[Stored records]
******************************
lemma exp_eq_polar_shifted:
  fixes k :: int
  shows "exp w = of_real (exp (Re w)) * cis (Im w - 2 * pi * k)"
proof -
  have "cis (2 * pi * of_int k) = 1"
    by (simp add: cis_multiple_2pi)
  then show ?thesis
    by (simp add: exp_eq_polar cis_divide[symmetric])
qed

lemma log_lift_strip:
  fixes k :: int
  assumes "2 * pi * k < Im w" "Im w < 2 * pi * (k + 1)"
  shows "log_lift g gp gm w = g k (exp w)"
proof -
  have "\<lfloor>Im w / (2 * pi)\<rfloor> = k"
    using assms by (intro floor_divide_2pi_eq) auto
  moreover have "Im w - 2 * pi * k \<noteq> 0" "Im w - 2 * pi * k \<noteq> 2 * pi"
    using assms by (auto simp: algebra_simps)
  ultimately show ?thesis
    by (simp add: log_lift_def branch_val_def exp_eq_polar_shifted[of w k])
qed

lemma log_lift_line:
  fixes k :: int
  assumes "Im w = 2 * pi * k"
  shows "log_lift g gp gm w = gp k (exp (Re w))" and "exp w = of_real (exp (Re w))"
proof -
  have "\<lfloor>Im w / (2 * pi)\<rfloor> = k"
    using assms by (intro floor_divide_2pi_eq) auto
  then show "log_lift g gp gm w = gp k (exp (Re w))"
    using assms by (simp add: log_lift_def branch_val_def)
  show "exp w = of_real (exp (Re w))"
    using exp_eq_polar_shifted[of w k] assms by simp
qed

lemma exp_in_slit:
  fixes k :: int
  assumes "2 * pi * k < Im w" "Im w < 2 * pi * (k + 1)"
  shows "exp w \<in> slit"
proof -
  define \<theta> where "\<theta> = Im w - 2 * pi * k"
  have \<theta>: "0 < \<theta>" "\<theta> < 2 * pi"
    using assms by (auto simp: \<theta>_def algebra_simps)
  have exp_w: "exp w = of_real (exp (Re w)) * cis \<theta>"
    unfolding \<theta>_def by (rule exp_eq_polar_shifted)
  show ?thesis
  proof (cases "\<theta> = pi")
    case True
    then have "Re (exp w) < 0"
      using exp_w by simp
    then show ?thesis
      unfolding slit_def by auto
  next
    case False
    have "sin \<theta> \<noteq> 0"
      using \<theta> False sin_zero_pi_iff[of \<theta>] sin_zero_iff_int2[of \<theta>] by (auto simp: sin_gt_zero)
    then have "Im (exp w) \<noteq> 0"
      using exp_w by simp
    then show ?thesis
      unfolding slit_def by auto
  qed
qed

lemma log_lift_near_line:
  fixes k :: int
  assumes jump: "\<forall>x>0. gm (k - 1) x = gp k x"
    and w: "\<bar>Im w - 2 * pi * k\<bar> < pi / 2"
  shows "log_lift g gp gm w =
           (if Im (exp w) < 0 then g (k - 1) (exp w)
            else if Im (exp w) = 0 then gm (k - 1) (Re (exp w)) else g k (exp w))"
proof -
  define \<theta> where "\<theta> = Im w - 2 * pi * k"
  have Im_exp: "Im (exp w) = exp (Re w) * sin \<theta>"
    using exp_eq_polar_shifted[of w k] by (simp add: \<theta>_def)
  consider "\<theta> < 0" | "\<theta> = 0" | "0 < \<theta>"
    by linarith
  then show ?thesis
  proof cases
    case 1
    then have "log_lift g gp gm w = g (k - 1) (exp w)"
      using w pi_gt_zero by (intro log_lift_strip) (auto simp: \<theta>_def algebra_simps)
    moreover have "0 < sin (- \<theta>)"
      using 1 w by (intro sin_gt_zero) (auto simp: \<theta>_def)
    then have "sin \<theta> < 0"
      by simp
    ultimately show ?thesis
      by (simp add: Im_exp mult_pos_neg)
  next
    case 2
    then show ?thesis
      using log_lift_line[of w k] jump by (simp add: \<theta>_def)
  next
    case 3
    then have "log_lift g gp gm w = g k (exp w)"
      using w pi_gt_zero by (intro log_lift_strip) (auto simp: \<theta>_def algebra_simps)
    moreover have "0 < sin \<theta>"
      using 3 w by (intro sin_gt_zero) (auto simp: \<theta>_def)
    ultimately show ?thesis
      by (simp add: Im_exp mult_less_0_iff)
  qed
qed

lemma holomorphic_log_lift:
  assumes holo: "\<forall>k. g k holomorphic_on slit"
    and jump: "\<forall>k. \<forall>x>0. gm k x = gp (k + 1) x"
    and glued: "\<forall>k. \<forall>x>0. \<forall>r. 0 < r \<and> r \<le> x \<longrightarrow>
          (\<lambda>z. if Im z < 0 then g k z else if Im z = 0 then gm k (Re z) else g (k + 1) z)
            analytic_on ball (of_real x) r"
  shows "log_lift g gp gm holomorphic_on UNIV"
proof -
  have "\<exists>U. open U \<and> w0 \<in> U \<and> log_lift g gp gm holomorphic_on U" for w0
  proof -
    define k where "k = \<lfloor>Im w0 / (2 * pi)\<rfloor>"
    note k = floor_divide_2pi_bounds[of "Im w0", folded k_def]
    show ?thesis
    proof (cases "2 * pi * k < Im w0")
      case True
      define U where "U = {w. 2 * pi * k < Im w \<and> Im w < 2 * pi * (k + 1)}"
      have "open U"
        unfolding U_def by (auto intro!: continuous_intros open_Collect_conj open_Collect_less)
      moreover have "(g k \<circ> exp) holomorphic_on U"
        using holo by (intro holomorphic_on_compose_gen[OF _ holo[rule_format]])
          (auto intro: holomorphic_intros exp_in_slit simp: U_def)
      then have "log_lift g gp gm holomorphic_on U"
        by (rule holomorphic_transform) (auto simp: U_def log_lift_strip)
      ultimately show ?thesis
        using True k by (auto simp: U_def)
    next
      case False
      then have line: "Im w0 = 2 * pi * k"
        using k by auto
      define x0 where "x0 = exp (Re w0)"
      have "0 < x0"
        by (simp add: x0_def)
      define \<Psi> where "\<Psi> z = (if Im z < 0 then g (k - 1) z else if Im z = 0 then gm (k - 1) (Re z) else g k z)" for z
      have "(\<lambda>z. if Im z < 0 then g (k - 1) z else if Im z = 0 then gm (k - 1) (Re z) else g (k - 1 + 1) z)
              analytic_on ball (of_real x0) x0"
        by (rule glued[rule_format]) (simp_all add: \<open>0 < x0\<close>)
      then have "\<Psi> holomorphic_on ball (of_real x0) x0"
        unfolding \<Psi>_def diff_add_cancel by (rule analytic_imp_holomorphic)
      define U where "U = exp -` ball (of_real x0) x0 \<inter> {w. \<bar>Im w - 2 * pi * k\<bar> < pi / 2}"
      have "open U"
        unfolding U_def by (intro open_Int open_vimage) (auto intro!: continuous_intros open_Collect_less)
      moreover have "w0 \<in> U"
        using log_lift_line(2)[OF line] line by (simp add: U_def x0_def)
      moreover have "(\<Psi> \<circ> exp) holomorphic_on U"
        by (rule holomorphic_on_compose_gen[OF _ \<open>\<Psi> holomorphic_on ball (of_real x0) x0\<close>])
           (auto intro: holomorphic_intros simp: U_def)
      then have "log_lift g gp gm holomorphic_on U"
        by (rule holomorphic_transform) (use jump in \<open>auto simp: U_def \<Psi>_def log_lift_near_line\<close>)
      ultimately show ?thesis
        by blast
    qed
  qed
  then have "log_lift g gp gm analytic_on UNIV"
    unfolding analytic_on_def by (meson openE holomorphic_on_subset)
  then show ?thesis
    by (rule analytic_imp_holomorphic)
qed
******************************
■ **What this task involves**
Where does "shows" occur in the data? Copy each line that has it.

■ **Answer for this exercise**
  shows "exp w = of_real (exp (Re w)) * cis (Im w - 2 * pi * k)"
  shows "log_lift g gp gm w = g k (exp w)"
  shows "log_lift g gp gm w = gp k (exp (Re w))" and "exp w = of_real (exp (Re w))"
  shows "exp w \<in> slit"
  shows "log_lift g gp gm w =
  shows "log_lift g gp gm holomorphic_on UNIV"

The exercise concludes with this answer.